What the task requires: Each time a line of the listing holds "interpret", copy that line.

Data extract:
lemma iso_quat_1_if_isotropic:
  assumes "b \<noteq> 0" and "(u, v) \<noteq> (0, 0)" and "of_coords 0 0 u v * of_coords 0 0 u v = 0"
  shows "iso_quat emb a 1"
proof -
  have "norm_form a u v = 0"
    using assms(1,3) by (simp add: jpart_square emb_eq_0_iff)
  then obtain u' v' where "norm_form a u' v' = inverse b"
    using norm_form_isotropic_imp_universal[OF char2 _ assms(2)] by blast
  then have "of_coords 0 0 u' v' * of_coords 0 0 u' v' = emb 1"
    using assms(1) by (simp add: jpart_square)
  then have "quat_pres emb a 1 i (of_coords 0 0 u' v')"
    by (rule quat_pres_jpart_char2[OF refl]) simp
  then show ?thesis
    unfolding iso_quat_def by blast
qed

end

lemma common_jpart_element:
  assumes "quat_presentation_char2 emb a b i j" and "quat_presentation_char2 emb \<alpha> \<beta> i' j'"
  obtains u v p q where "(u, v) \<noteq> (0, 0)" and "(p, q) \<noteq> (0, 0)"
    and "quat_presentation.of_coords emb i j 0 0 u v = quat_presentation.of_coords emb i' j' 0 0 p q"
proof -
  interpret field_algebra emb
    using assms(1) by (simp add: quat_presentation_char2_def quat_presentation_def)
  interpret P: quat_presentation_char2 emb a b i j by fact
  interpret Q: quat_presentation_char2 emb \<alpha> \<beta> i' j' by fact
  obtain d0 d1 d2 d3 where j': "j' = P.of_coords d0 d1 d2 d3"
    using P.of_coords_surj by blast
  obtain f0 f1 f2 f3 where ij': "i' * j' = P.of_coords f0 f1 f2 f3"
    using P.of_coords_surj by blast
  have "\<exists>p q. (p, q) \<noteq> (0, 0) \<and> p * d0 + q * f0 = 0"
  proof (cases "d0 = 0 \<and> f0 = 0")
    case True
    then show ?thesis by (intro exI[of _ 1] exI[of _ 0]) simp
  next
    case False
    then show ?thesis by (intro exI[of _ f0] exI[of _ "- d0"]) (auto simp: algebra_simps)
  qed
  then obtain p q where pq: "(p, q) \<noteq> (0, 0)" "p * d0 + q * f0 = 0"
    by blast
  define y where "y = Q.of_coords 0 0 p q"
  have "y = emb p * j' + emb q * (i' * j')"
    unfolding y_def Q.of_coords_def by (simp add: emb_0)
  also have "\<dots> = P.of_coords 0 (p * d1 + q * f1) (p * d2 + q * f2) (p * d3 + q * f3)"
    unfolding ij' by (simp add: j' P.emb_mult_of_coords P.of_coords_add pq(2))
  finally have y_P: "y = P.of_coords 0 (p * d1 + q * f1) (p * d2 + q * f2) (p * d3 + q * f3)" .
  have "y * y = emb (\<beta> * norm_form \<alpha> p q)"
    unfolding y_def by (rule Q.jpart_square)
  then have "p * d1 + q * f1 = 0"
    using P.i_coeff_eq_0_if_square_in_F y_P by metis
  moreover have "y \<noteq> 0"
    using pq(1) unfolding y_def Q.of_coords_eq_0_iff by simp
  ultimately show ?thesis
    using that[of "p * d2 + q * f2" "p * d3 + q * f3" p q] pq(1) y_P
    unfolding y_def by (auto simp: P.of_coords_eq_0_iff)
qed

theorem lemma4:
  fixes emb :: "'f::field \<Rightarrow> 'a::ring_1"
    and a b \<alpha> \<beta> :: 'f
  assumes "CHAR('f) = 2"
    and "F_algebra emb"
    and "b \<noteq> 0" and "\<beta> \<noteq> 0"
    and "iso_quat emb a b"
    and "iso_quat emb \<alpha> \<beta>"
  shows "\<exists>y :: 'a. \<exists>c :: 'f. c \<noteq> 0 \<and> y * y = emb c \<and>
           iso_quat emb a b \<and> iso_quat emb a c \<and> iso_quat emb \<alpha> c \<and> iso_quat emb \<alpha> \<beta>"
proof -
  have char2: "(2::'f) = 0"
    using of_nat_CHAR[where 'a='f] assms(1) by simp
  obtain i j i' j' where pres: "quat_pres emb a b i j" and pres': "quat_pres emb \<alpha> \<beta> i' j'"
    using assms(5,6) unfolding iso_quat_def by blast
  interpret field_algebra emb
    using assms(2) by unfold_locales
  interpret P: quat_presentation_char2 emb a b i j
    using pres char2 by unfold_locales
  interpret Q: quat_presentation_char2 emb \<alpha> \<beta> i' j'
    using pres' char2 by unfold_locales
  obtain u v p q where uv: "(u, v) \<noteq> (0, 0)" and pq: "(p, q) \<noteq> (0, 0)"
    and y: "P.of_coords 0 0 u v = Q.of_coords 0 0 p q"
    by (rule common_jpart_element[OF P.quat_presentation_char2_axioms
          Q.quat_presentation_char2_axioms])
  define c where "c = \<beta> * norm_form \<alpha> p q"
  have yy: "Q.of_coords 0 0 p q * Q.of_coords 0 0 p q = emb c"
    unfolding c_def by (rule Q.jpart_square)
  show ?thesis
  proof (cases "c = 0")
    case False
    then have "quat_pres emb a c i (Q.of_coords 0 0 p q)"
      and "quat_pres emb \<alpha> c i' (Q.of_coords 0 0 p q)"
      using P.quat_pres_jpart_char2[OF y[symmetric] yy] Q.quat_pres_jpart_char2[OF refl yy] by auto
    then show ?thesis
      using False yy assms(5,6) unfolding iso_quat_def by blast
  next
    case True
    then have "iso_quat emb a 1" "iso_quat emb \<alpha> 1"
      using P.iso_quat_1_if_isotropic[OF assms(3) uv] Q.iso_quat_1_if_isotropic[OF assms(4) pq]
        yy y by (simp_all add: emb_0)
    then show ?thesis
      using assms(5,6) emb_1 by (intro exI[of _ 1] exI[of _ 1]) simp
  qed
qed

end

Final answer:
  interpret field_algebra emb
  interpret P: quat_presentation_char2 emb a b i j by fact
  interpret Q: quat_presentation_char2 emb \<alpha> \<beta> i' j' by fact
  interpret field_algebra emb
  interpret P: quat_presentation_char2 emb a b i j
  interpret Q: quat_presentation_char2 emb \<alpha> \<beta> i' j'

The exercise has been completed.